If future studies identify interventions that can promote the centenarian metabolite pattern in other aging populations, potential beneficiaries include:
- Adults in midlife who are interested in biological aging markers beyond cholesterol and glucose
- People with metabolic syndrome, where bile acid metabolism is known to be disrupted
- Researchers developing biomarker panels for biological age assessment
- Drug development programs targeting the gut microbiome as a longevity intervention
Symptoms and Warning Signs to Watch For
This research is not oriented toward a clinical condition with acute symptoms. However, patterns associated with poor bile acid metabolism and accelerated aging include:
- Persistent digestive issues, including constipation, bloating, or fat malabsorption
- Elevated inflammatory markers on routine labs (CRP, ferritin)
- Gut microbiome dysbiosis, sometimes associated with frequent antibiotic use, highly processed food diets, or chronic illness
If any of these patterns concern you in the context of your overall metabolic health, discuss them with a primary care provider.
What You Can Do Now
- Support gut microbiome health. The bile acid patterns in centenarians are partly a product of a well-preserved, diverse gut microbiome. Dietary fiber, fermented foods, and limiting ultra-processed food intake all support microbiome diversity.

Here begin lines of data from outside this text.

lemma downset_XL_phi_Diff_phi:
  assumes FL: "frame_law TYPE('a::complete_lattice)"
  shows "downset_of XL_top (\<subseteq>) (phi c - phi d) = pts - phi (himp c d::'a)"
proof
  show "downset_of XL_top (\<subseteq>) (phi c - phi d) \<subseteq> pts - phi (himp c d)"
  proof
    fix y assume "y \<in> downset_of XL_top (\<subseteq>) (phi c - phi d)"
    then obtain x where y: "y \<in> pts" "x \<in> phi c - phi d" "y \<subseteq> x"
      unfolding downset_of_def topspace_XL by blast
    then have x: "prime_filter x" "c \<in> x" "d \<notin> x" by (auto simp: in_phi)
    have "himp c d \<notin> x"
    proof
      assume "himp c d \<in> x"
      then have "inf (himp c d) c \<in> x" using x by (simp add: prime_filter_inf_iff)
      then show False using x inf_himp_le[OF FL] prime_filter_upD by blast
    qed
    then show "y \<in> pts - phi (himp c d)" using y by (auto simp: in_phi)
  qed
next
  show "pts - phi (himp c d) \<subseteq> downset_of XL_top (\<subseteq>) (phi c - phi d)"
  proof
    fix y assume y: "y \<in> pts - phi (himp c d)"
    then have "prime_filter y" "himp c d \<notin> y" by (auto simp: in_phi in_pts)
    then obtain x where "prime_filter x" "y \<subseteq> x" "c \<in> x" "d \<notin> x"
      using prime_filter_extend_himp[OF FL] by blast
    then show "y \<in> downset_of XL_top (\<subseteq>) (phi c - phi d)"
      unfolding downset_of_def topspace_XL using y by (auto simp: in_phi)
  qed
qed

lemma clopen_XL_finite_Union:
  assumes FL: "frame_law TYPE('a::complete_lattice)" and "clopenin XL_top C"
  shows "\<exists>P. finite P \<and> C = (\<Union>(c, d)\<in>P. phi c - phi (d::'a))"
proof -
  define Q where "Q = {(c, d). phi c - phi d \<subseteq> C}"
  have C: "openin XL_top C" "closedin XL_top C" using assms(2) unfolding clopenin_def by auto
  have "C \<subseteq> (\<Union>(c, d)\<in>Q. phi c - phi d)"
  proof
    fix x assume "x \<in> C"
    then obtain c d where cd: "c \<in> x" "d \<notin> x" "phi c - phi d \<subseteq> C" using XL_basic_nbhd[OF C(1)] by blast
    moreover have "x \<in> pts" using \<open>x \<in> C\<close> C(1) openin_subset topspace_XL by blast
    ultimately show "x \<in> (\<Union>(c, d)\<in>Q. phi c - phi d)" by (auto simp: Q_def in_phi in_pts)
  qed
  moreover have "compactin XL_top C" using C(2) closedin_compact_space compact_space_XL[OF FL] by blast
  moreover have "\<forall>V\<in>(\<lambda>(c, d). phi c - phi d) ` Q. openin XL_top V"
    using clopenin_XL_phi_Diff_phi by (auto simp: clopenin_def)
  ultimately obtain \<F> where "finite \<F>" "\<F> \<subseteq> (\<lambda>(c, d). phi c - phi d) ` Q" "C \<subseteq> \<Union>\<F>"
    unfolding compactin_def by meson
  then obtain P where "P \<subseteq> Q" "finite P" "\<F> = (\<lambda>(c, d). phi c - phi d) ` P"
    by (meson finite_subset_image)
  moreover have "(\<Union>(c, d)\<in>P. phi c - phi d) \<subseteq> C" using \<open>P \<subseteq> Q\<close> unfolding Q_def by auto
  ultimately have "C = (\<Union>(c, d)\<in>P. phi c - phi d)" using \<open>C \<subseteq> \<Union>\<F>\<close> by auto
  then show ?thesis using \<open>finite P\<close> by blast
qed

lemma downset_of_UNION: "downset_of X le (\<Union>i\<in>P. f i) = (\<Union>i\<in>P. downset_of X le (f i))"
  unfolding downset_of_def by blast

lemma clopen_downset_XL:
  assumes FL: "frame_law TYPE('a::complete_lattice)" and "clopenin (XL_top :: 'a set topology) C"
  shows "clopenin XL_top (downset_of XL_top (\<subseteq>) C)"
proof -
  obtain P where P: "finite P" "C = (\<Union>(c, d)\<in>P. phi c - phi (d::'a))"
    using clopen_XL_finite_Union[OF assms] by blast
  have "downset_of XL_top (\<subseteq>) C = (\<Union>(c, d)\<in>P. pts - phi (himp c d))"
    unfolding P(2) downset_of_UNION by (simp add: case_prod_unfold downset_XL_phi_Diff_phi[OF FL])
  also have "\<dots> = pts - phi (Inf ((\<lambda>(c, d). himp c d) ` P))"
    using phi_Inf_finite[of "(\<lambda>(c, d). himp c d) ` P"] P(1) by (auto simp: case_prod_unfold)
  finally show ?thesis
    unfolding clopenin_def using openin_XL_Diff_phi closedin_XL_Diff_phi by metis
qed

lemma L_space_XL:
  assumes FL: "frame_law TYPE('a::complete_lattice)"
  shows "L_space (XL_top :: 'a set topology) (\<subseteq>)"
  unfolding L_space_def
proof (intro conjI allI impI)
  fix U :: "'a set set" assume "openin XL_top U \<and> upset XL_top (\<subseteq>) U"
  then have "XL_top closure_of U = phi (Sup {a. phi a \<subseteq> U})"
    using open_upset_XL_eq_Union_phi[OF FL] closure_of_Union_phi[OF FL] by metis
  then show "openin XL_top (XL_top closure_of U)" using openin_XL_phi by metis
qed (simp_all add: priestley_space_XL[OF FL] clopen_downset_XL[OF FL])

section \<open>The spatial part and Scott upsets\<close>

definition completely_prime :: "'a::complete_lattice set \<Rightarrow> bool" where
  "completely_prime y \<longleftrightarrow> prime_filter y \<and> (\<forall>S. Sup S \<in> y \<longrightarrow> (\<exists>s\<in>S. s \<in> y))"

definition cpts :: "'a::complete_lattice set set" where
  "cpts = {y. completely_prime y}"

lemma cpts_subset_pts: "cpts \<subseteq> pts"
  unfolding cpts_def completely_prime_def pts_def by blast

lemma downset_XL_point: "downset_of XL_top (\<subseteq>) {y} = {z \<in> pts. z \<subseteq> y}"
  unfolding downset_of_def topspace_XL by blast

- Maintain physical activity throughout aging. Both exercise and physical activity are associated with preservation of bile acid metabolism and gut microbiome composition in older adults.

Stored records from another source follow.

(* Assume the setting below with $\mu_+(1)\le1$ and suppose there is $\varepsilon\in(0,1]$ with $\kappa(s)=0$ for all $s\in(0,\varepsilon)$. Assume (A1), (A2), (A4). Then there is $\lambda_0>0$ such that for every $\lambda\in(0,\lambda_0)$ there is no cavitating equilibrium solution with $r(1)=\lambda$.
   Context: Setting: $n\ge2$; $\kappa$ continuous on $[0,\infty)$, $\mu_+(\lambda)=\int_0^\lambda s\max\{\kappa(s),0\}ds$; $f$ solves $f''+\kappa f=0$, $f(0)=0$, $f'(0)=1$. $\Phi(v_1,\dots,v_n)=\sum_i\phi(v_i)+h(v_1\cdots v_n)$, $\tau(\rho)=f(r(\rho))/f(\rho)$, $T(\rho)=\tau^{n-1}\big[\phi'(r')+h'(r'\tau^{n-1})\tau^{n-1}\big]$. An equilibrium solution with $r(1)=\lambda$ is $r\in C^1(0,1]$, twice differentiable on $(0,1)$, $r'>0$ on $(0,1]$, $r(0):=\lim_{\rho\to0^+}r(\rho)\ge0$, $r(1)=\lambda$, satisfying on $(0,1)$ $$f(\rho)\big[\phi''(r')+h''(r'\tau^{n-1})\tau^{2(n-1)}\big]r''=(n-1)\big[f'(r)\phi'(\tau)-f'(\rho)\phi'(r')\big]-(n-1)\big(f'(r)r'-f'(\rho)\tau\big)h''(r'\tau^{n-1})\,r'\tau^{2n-3};$$ it is cavitating if $r(0)>0$ and $\lim_{\rho\to0^+}T(\rho)=0$. (A1) $h:(0,\infty)\to\mathbb R$ is $C^2$ and strictly convex. (A2) $\lim_{v\to0^+}h(v)=\lim_{v\to\infty}h(v)/v=+\infty$. (A4) $\phi:(0,\infty)\to(0,\infty)$ is $C^2$ and convex. *)

theory Defs
  imports "HOL-Analysis.Analysis"
begin

definition strictly_convex_on :: "real set \<Rightarrow> (real \<Rightarrow> real) \<Rightarrow> bool" where
  "strictly_convex_on S g \<longleftrightarrow>
     (\<forall>x\<in>S. \<forall>y\<in>S. x \<noteq> y \<longrightarrow> (\<forall>t. 0 < t \<and> t < 1 \<longrightarrow>
        g ((1 - t) * x + t * y) < (1 - t) * g x + t * g y))"

definition mu_plus :: "(real \<Rightarrow> real) \<Rightarrow> real \<Rightarrow> real" where
  "mu_plus \<kappa> L = integral {0..L} (\<lambda>s. s * max (\<kappa> s) 0)"

definition tau :: "(real \<Rightarrow> real) \<Rightarrow> (real \<Rightarrow> real) \<Rightarrow> real \<Rightarrow> real" where
  "tau f r \<rho> = f (r \<rho>) / f \<rho>"

definition T_fun :: "nat \<Rightarrow> (real \<Rightarrow> real) \<Rightarrow> (real \<Rightarrow> real) \<Rightarrow> (real \<Rightarrow> real)
    \<Rightarrow> (real \<Rightarrow> real) \<Rightarrow> (real \<Rightarrow> real) \<Rightarrow> real \<Rightarrow> real" where
  "T_fun n f \<phi>' h' r r' \<rho> =
     tau f r \<rho> ^ (n - 1) * (\<phi>' (r' \<rho>) + h' (r' \<rho> * tau f r \<rho> ^ (n - 1)) * tau f r \<rho> ^ (n - 1))"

- Do not supplement bile acids or steroids based on this research. These are systemic signaling molecules with complex regulatory effects; supplementation is not indicated and could have adverse effects.
- Discuss biological age testing with your physician if you are interested in metabolomics-based health assessment. Clinical metabolomics panels are beginning to enter the consumer health space, though they are not yet standard of care.
Cost and Access: What Patients Should Know
The New England Centenarian Study continues to recruit participants and their families — people interested in contributing to longevity research can contact Boston University's program directly. Metabolomics testing is not currently a standard clinical service in most healthcare settings; research and commercial panels exist but should be interpreted cautiously without established clinical reference ranges.
What Happens Next
The BU research team plans to expand the study population and integrate the metabolomics findings with genomic and microbiome data from NECS participants. Future research will examine whether the metabolite patterns can predict survival or disease trajectory in younger populations — the necessary step for developing clinical biomarker tools.
The Bottom Line
People who live past 100 in good health have different blood chemistry than their peers — specifically, higher levels of certain bile acids and preserved levels of several steroids that are associated with lower mortality. This finding from Boston University's landmark centenarian study does not reveal a secret formula for reaching 100. But it identifies specific, measurable biological patterns that may eventually allow researchers and clinicians to assess biological aging more precisely, and intervene before the metabolic drift of typical aging becomes irreversible.